唇を塞がれて喋れなくなったピカイアの代わりに、今度はシエスが口を開いた。
「例えば…皇帝の竜は炎を操りますが、鼓舞という権能を持っています。兄と番いが見渡せる範囲で…皇帝に剣を捧げた者の恐怖心を抑え、力と持久力を際限なく高める、などですね。戦争においてはこれ程有用な力もなかなかないでしょう」
事も無げに、お手軽な死兵の作り方を伝えてくるシエスの軽薄な言い種は、エメラルデラの背筋を寒くさせる。
嫌そうに顔を歪めるエメラルデラに、シエスは面白がって更に言葉を重ねてきた。
全くもって、性格の悪さが伺える。
「ちなみに神国の天子の権能は、持続的な回復になります。皇帝と効果を及ぼす範囲は同じですが、受けた傷を徐々に癒していくんですよ。あとは傷を過剰に回復させることで、病を誘発するらしいのですが…これは天子の竜から直接傷を受けた者のみでしたね」
「何というか、恐ろしいな…」
それ以上の感想も例えも捻り出せない程に、エメラルデラは恐怖を感じた。
帝国に剣を捧げる者達が死兵となって戦場を這い、無尽蔵な流血を許容する神徒は狂信的に神罰をくだす。

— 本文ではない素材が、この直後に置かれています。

(* Let $S_0,S_1,S_2$ be pair-partitions of $[2k]$. Then, as functions on Young diagrams, $N^{(2)}_{S_0,S_1,S_2}=2^{|\mathcal{L}(S_0,S_1)|}\,N^{(1)}_{S_0,S_1,S_2}$.
   Context: Pair-partitions of $[2k]$ are sets of disjoint two-element subsets with union $[2k]$, identified with fixed-point-free involutions. $\mathcal{L}(S_0,S_1)$ is the bipartite graph with a black vertex per pair of $S_0$, a white vertex per pair of $S_1$, and an edge for each $i\in[2k]$ joining the pairs containing $i$; it is a union of loops and $|\mathcal{L}(S_0,S_1)|$ is the number of loops. $N^{(1)}_{S_0,S_1,S_2}(\lambda)$ is the number of functions $f$ from $[2k]$ to the boxes of $\lambda$ such that for all $l$: $f(l)=f(S_0(l))$; $f(l)$ and $f(S_1(l))$ are in the same column; $f(l)$ and $f(S_2(l))$ are in the same row. $2\lambda=(2\lambda_1,2\lambda_2,\dots)$; two boxes of $2\lambda$ are neighbors if they are in the same row and in columns $2i+1$ and $2i+2$ for some $i\ge0$. $N^{(2)}_{S_0,S_1,S_2}(\lambda)$ is the number of functions $f$ from $[2k]$ to the boxes of $2\lambda$ such that for all $l$: $f(l)$ and $f(S_0(l))$ are neighbors; $f(l)$ and $f(S_0\circ S_1(l))$ are in the same column; $f(l)$ and $f(S_2(l))$ are in the same row. *)

theory Defs
  imports Main "HOL-Library.FuncSet"
begin

text \<open>Ground set [2k] = {1..2k}. A pair-partition is identified with a
 fixed-point-free involution of [2k].\<close>

definition pair_partition :: "nat \<Rightarrow> (nat \<Rightarrow> nat) \<Rightarrow> bool" where
  "pair_partition k S \<longleftrightarrow>
     (\<forall>i\<in>{1..2*k}. S i \<in> {1..2*k} \<and> S (S i) = i \<and> S i \<noteq> i)"

definition pairs :: "nat \<Rightarrow> (nat \<Rightarrow> nat) \<Rightarrow> nat set set" where
  "pairs k S = {{i, S i} | i. i \<in> {1..2*k}}"

text \<open>The bipartite graph L(S0,S1): black vertices Inl p (p a pair of S0),
 white vertices Inr q (q a pair of S1); for each i an edge joining the pairs
 containing i, i.e. Inl p and Inr q are adjacent iff p and q share an element.\<close>
definition loop_vertices :: "nat \<Rightarrow> (nat \<Rightarrow> nat) \<Rightarrow> (nat \<Rightarrow> nat) \<Rightarrow> (nat set + nat set) set" where
  "loop_vertices k S0 S1 = Inl ` pairs k S0 \<union> Inr ` pairs k S1"

definition loop_adj :: "nat \<Rightarrow> (nat \<Rightarrow> nat) \<Rightarrow> (nat \<Rightarrow> nat) \<Rightarrow> ((nat set + nat set) \<times> (nat set + nat set)) set" where
  "loop_adj k S0 S1 =
     {(Inl p, Inr q) | p q. p \<in> pairs k S0 \<and> q \<in> pairs k S1 \<and>
        (\<exists>i\<in>{1..2*k}. i \<in> p \<and> i \<in> q)} \<union>
     {(Inr q, Inl p) | p q. p \<in> pairs k S0 \<and> q \<in> pairs k S1 \<and>
        (\<exists>i\<in>{1..2*k}. i \<in> p \<and> i \<in> q)}"

definition num_loops :: "nat \<Rightarrow> (nat \<Rightarrow> nat) \<Rightarrow> (nat \<Rightarrow> nat) \<Rightarrow> nat" where
  "num_loops k S0 S1 =
     card (loop_vertices k S0 S1 // ((loop_adj k S0 S1)\<^sup>* \<inter>
            (loop_vertices k S0 S1 \<times> loop_vertices k S0 S1)))"

text \<open>Young diagrams: weakly decreasing lists of positive row lengths.
 Boxes are (row, column), 0-indexed.\<close>
definition young :: "nat list \<Rightarrow> bool" where
  "young lam \<longleftrightarrow> sorted_wrt (\<ge>) lam \<and> (\<forall>x\<in>set lam. 0 < x)"

definition boxes :: "nat list \<Rightarrow> (nat \<times> nat) set" where
  "boxes lam = {(r, c). r < length lam \<and> c < lam ! r}"

definition double_diagram :: "nat list \<Rightarrow> nat list" where
  "double_diagram lam = map (\<lambda>x. 2 * x) lam"

text \<open>Neighbors: same row, columns 2i+1 and 2i+2 (1-indexed), i.e. 2i and 2i+1
 0-indexed.\<close>
definition neighbors :: "nat \<times> nat \<Rightarrow> nat \<times> nat \<Rightarrow> bool" where
  "neighbors a b \<longleftrightarrow> fst a = fst b \<and>
     (\<exists>i. (snd a = 2*i \<and> snd b = 2*i+1) \<or> (snd a = 2*i+1 \<and> snd b = 2*i))"

definition N1 :: "nat \<Rightarrow> (nat \<Rightarrow> nat) \<Rightarrow> (nat \<Rightarrow> nat) \<Rightarrow> (nat \<Rightarrow> nat) \<Rightarrow> nat list \<Rightarrow> nat" where
  "N1 k S0 S1 S2 lam = card {f \<in> {1..2*k} \<rightarrow>\<^sub>E boxes lam.
      \<forall>l\<in>{1..2*k}. f l = f (S0 l) \<and> snd (f l) = snd (f (S1 l))
                    \<and> fst (f l) = fst (f (S2 l))}"

definition N2 :: "nat \<Rightarrow> (nat \<Rightarrow> nat) \<Rightarrow> (nat \<Rightarrow> nat) \<Rightarrow> (nat \<Rightarrow> nat) \<Rightarrow> nat list \<Rightarrow> nat" where
  "N2 k S0 S1 S2 lam = card {f \<in> {1..2*k} \<rightarrow>\<^sub>E boxes (double_diagram lam).
      \<forall>l\<in>{1..2*k}. neighbors (f l) (f (S0 l)) \<and> snd (f l) = snd (f (S0 (S1 l)))
                    \<and> fst (f l) = fst (f (S2 l))}"

end

theory Submission
  imports Defs "HOL-Combinatorics.Orbits"
begin

text \<open>A map counted by \<open>N2\<close> sends \<open>l\<close> to a box \<open>(r, 2c + \<beta>)\<close> of \<open>2\<lambda>\<close>; the boxes \<open>(r, c)\<close>
  form a map counted by \<open>N1\<close>, and the bits \<open>\<beta>\<close> form a function \<open>b\<close> on \<open>[2k]\<close> with
  \<open>b (S0 l) \<noteq> b l \<noteq> b (S1 l)\<close>, i.e. a proper 2-colouring of the graph joining each \<open>l\<close> to
  \<open>S0 l\<close> and \<open>S1 l\<close>, and the two conditions are independent. The components of this graph
  are the loops of \<open>\<L>(S0, S1)\<close>. Each component is bipartite: it is an orbit of \<open>S1 \<circ> S0\<close>
  together with its image under \<open>S0\<close>, which is a different orbit. Hence there are exactly
  \<open>2 ^ |\<L>(S0, S1)|\<close> colourings.\<close>

lemma card_image_eq_if_same_kernel:
  assumes "\<And>x y. x \<in> A \<Longrightarrow> y \<in> A \<Longrightarrow> f x = f y \<longleftrightarrow> g x = g y"
  shows "card (f ` A) = card (g ` A)"
proof -
  define h where "h = (\<lambda>z. g (inv_into A f z))"
  have hf: "h (f x) = g x" if "x \<in> A" for x
    using assms[of "inv_into A f (f x)" x] that inv_into_into[of "f x" f A] f_inv_into_f[of "f x" f A]
    unfolding h_def by auto
  have "inj_on h (f ` A)"
    by (rule inj_onI) (auto simp: hf assms)
  moreover have "h ` f ` A = g ` A"
    using hf by (auto simp: image_image)
  ultimately show ?thesis
    by (metis card_image)
qed

lemma equiv_Restr_rtrancl:
  assumes "sym G"
  shows "equiv A (Restr (G\<^sup>*) A)"
  using sym_rtrancl[OF assms] unfolding equiv_def refl_on_def sym_def trans_def
  by (auto intro: rtrancl_trans)

lemma proper_two_colourings_differ_on_components:
  fixes b c :: "'a \<Rightarrow> bool"
  assumes "(x, y) \<in> G\<^sup>*" and "\<forall>(u, v)\<in>G. b u \<noteq> b v" and "\<forall>(u, v)\<in>G. c u \<noteq> c v"
  shows "(b x \<noteq> c x) = (b y \<noteq> c y)"
  using assms(1)
proof induction
  case (step y z)
  then have "b y \<noteq> b z" and "c y \<noteq> c z"
    using assms(2,3) by auto
  with step.IH show ?case
    by argo
qed simp

lemma card_proper_two_colourings:
  fixes c :: "'a \<Rightarrow> bool"
  assumes "finite A" and "sym G" and "G \<subseteq> A \<times> A" and c: "\<forall>(x, y)\<in>G. c x \<noteq> c y"
  shows "card {b \<in> A \<rightarrow>\<^sub>E (UNIV :: bool set). \<forall>(x, y)\<in>G. b x \<noteq> b y}
           = 2 ^ card (A // Restr (G\<^sup>*) A)"
proof -
  define R where "R = Restr (G\<^sup>*) A"
  define P where "P = {b \<in> A \<rightarrow>\<^sub>E (UNIV :: bool set). \<forall>(x, y)\<in>G. b x \<noteq> b y}"
  define \<Phi> where "\<Phi> b = (\<lambda>C\<in>A // R. \<exists>x\<in>C. b x \<noteq> c x)" for b :: "'a \<Rightarrow> bool"
  define \<Psi> where "\<Psi> D = (\<lambda>x\<in>A. D (R `` {x}) \<noteq> c x)" for D :: "'a set \<Rightarrow> bool"
  have R: "equiv A R"
    unfolding R_def using assms(2) by (rule equiv_Restr_rtrancl)
  have \<Phi>_class: "\<Phi> b (R `` {x}) = (b x \<noteq> c x)" if "b \<in> P" "x \<in> A" for b x
  proof -
    have same: "(b y \<noteq> c y) = (b x \<noteq> c x)" if "y \<in> R `` {x}" for y
    proof -
      have "(x, y) \<in> G\<^sup>*" and "\<forall>(u, v)\<in>G. b u \<noteq> b v"
        using that \<open>b \<in> P\<close> unfolding P_def R_def by auto
      from proper_two_colourings_differ_on_components[OF this c] show ?thesis
        by simp
    qed
    have "\<Phi> b (R `` {x}) = (\<exists>y\<in>R `` {x}. b y \<noteq> c y)"
      using quotientI[OF \<open>x \<in> A\<close>] unfolding \<Phi>_def by simp
    also have "\<dots> = (b x \<noteq> c x)"
      using same equiv_class_self[OF R \<open>x \<in> A\<close>] by blast
    finally show ?thesis .
  qed
  have \<Psi>_class: "\<Psi> D y = (D C \<noteq> c y)" if "C \<in> A // R" "y \<in> C" for D C y
  proof -
    obtain a where "a \<in> A" and C: "C = R `` {a}"
      using \<open>C \<in> A // R\<close> by (rule quotientE)
    then have "R `` {y} = C" and "y \<in> A"
      using \<open>y \<in> C\<close> equiv_class_eq[OF R, of a y] equiv_type[OF R] by auto
    then show ?thesis
      unfolding \<Psi>_def by simp
  qed
  have "bij_betw \<Phi> P ((A // R) \<rightarrow>\<^sub>E (UNIV :: bool set))"
  proof (rule bij_betw_byWitness[where f' = \<Psi>])
    show "\<forall>b\<in>P. \<Psi> (\<Phi> b) = b"
      using \<Phi>_class unfolding \<Psi>_def by (auto simp: P_def fun_eq_iff PiE_def extensional_def)
    show "\<forall>D\<in>(A // R) \<rightarrow>\<^sub>E (UNIV :: bool set). \<Phi> (\<Psi> D) = D"
    proof (intro ballI ext)
      fix D C assume D: "D \<in> (A // R) \<rightarrow>\<^sub>E (UNIV :: bool set)"
      show "\<Phi> (\<Psi> D) C = D C"
      proof (cases "C \<in> A // R")
        case True
        have "C \<noteq> {}"
          using R True by (rule in_quotient_imp_non_empty)
        then show ?thesis
          using True \<Psi>_class[OF True] unfolding \<Phi>_def by auto
      qed (use D \<Phi>_def in auto)
    qed
    show "\<Phi> ` P \<subseteq> (A // R) \<rightarrow>\<^sub>E (UNIV :: bool set)"
      unfolding \<Phi>_def by auto
    show "\<Psi> ` ((A // R) \<rightarrow>\<^sub>E (UNIV :: bool set)) \<subseteq> P"
    proof
      fix b assume "b \<in> \<Psi> ` ((A // R) \<rightarrow>\<^sub>E (UNIV :: bool set))"
      then obtain D where b: "b = \<Psi> D"
        by blast
      have "\<Psi> D x \<noteq> \<Psi> D y" if "(x, y) \<in> G" for x y
      proof -
        have "x \<in> A" "(x, y) \<in> R" "c x \<noteq> c y"
          using that assms(3) c unfolding R_def by auto
        moreover have "x \<in> R `` {x}" "y \<in> R `` {x}"
          using equiv_class_self[OF R \<open>x \<in> A\<close>] \<open>(x, y) \<in> R\<close> by auto
        ultimately show ?thesis
          using \<Psi>_class[OF quotientI[OF \<open>x \<in> A\<close>]] by auto
      qed
      moreover have "\<Psi> D \<in> A \<rightarrow>\<^sub>E UNIV"
        unfolding \<Psi>_def by simp
      ultimately show "b \<in> P"
        unfolding P_def b by auto
    qed
  qed
  then have "card P = card ((A // R) \<rightarrow>\<^sub>E (UNIV :: bool set))"
    by (rule bij_betw_same_card)
  also have "\<dots> = 2 ^ card (A // R)"
    using finite_quotient[OF assms(1)] R by (simp add: card_PiE equiv_type)
  finally show ?thesis
    unfolding P_def R_def .
qed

エメラルデラたち流民にとっては、どちらも不退転の災禍でしかなかった。
そんなエメラルデラとは対照的に、シエスは慣れきった軽やかさで笑っていた。
「本当に恐ろしいですよ。兄と天子が戦場に出てくると、泥試合になりますからね…非効率すぎるんですよ」
────非効率。
シエスの言葉が、戦争における真理の一つを物語っていた。
いかに効率よく相手の資源を削っていくか、それが争いにおいては重要なのだ。
そして、人的資源として消費されていく命の、恐ろしい程の軽さ。
一人一人は信念を持っている筈なのに、数字の上ではただ消費されるていくだけなのだ。
そう気付いてしまえば、ヘドロを喉に流し込まれるような不快感を、エメラルデラは感じた。
飲み下しきれない感情に、エメラルデラは初めて戦争そのものに嫌悪感を覚える。押し黙って匙に口をつけると、詰まった感情ごとスープを嚥下した。
「そういえば、オラトリオ様の権能はどのようなものですか?」
言葉を詰まらせたエメラルデラに取って変わって、ピカイアがオラトリオを見上げ、首を傾げる。
ピカイアの純粋な好奇心が、エメラルデラには天の助けのように思えてならなかった。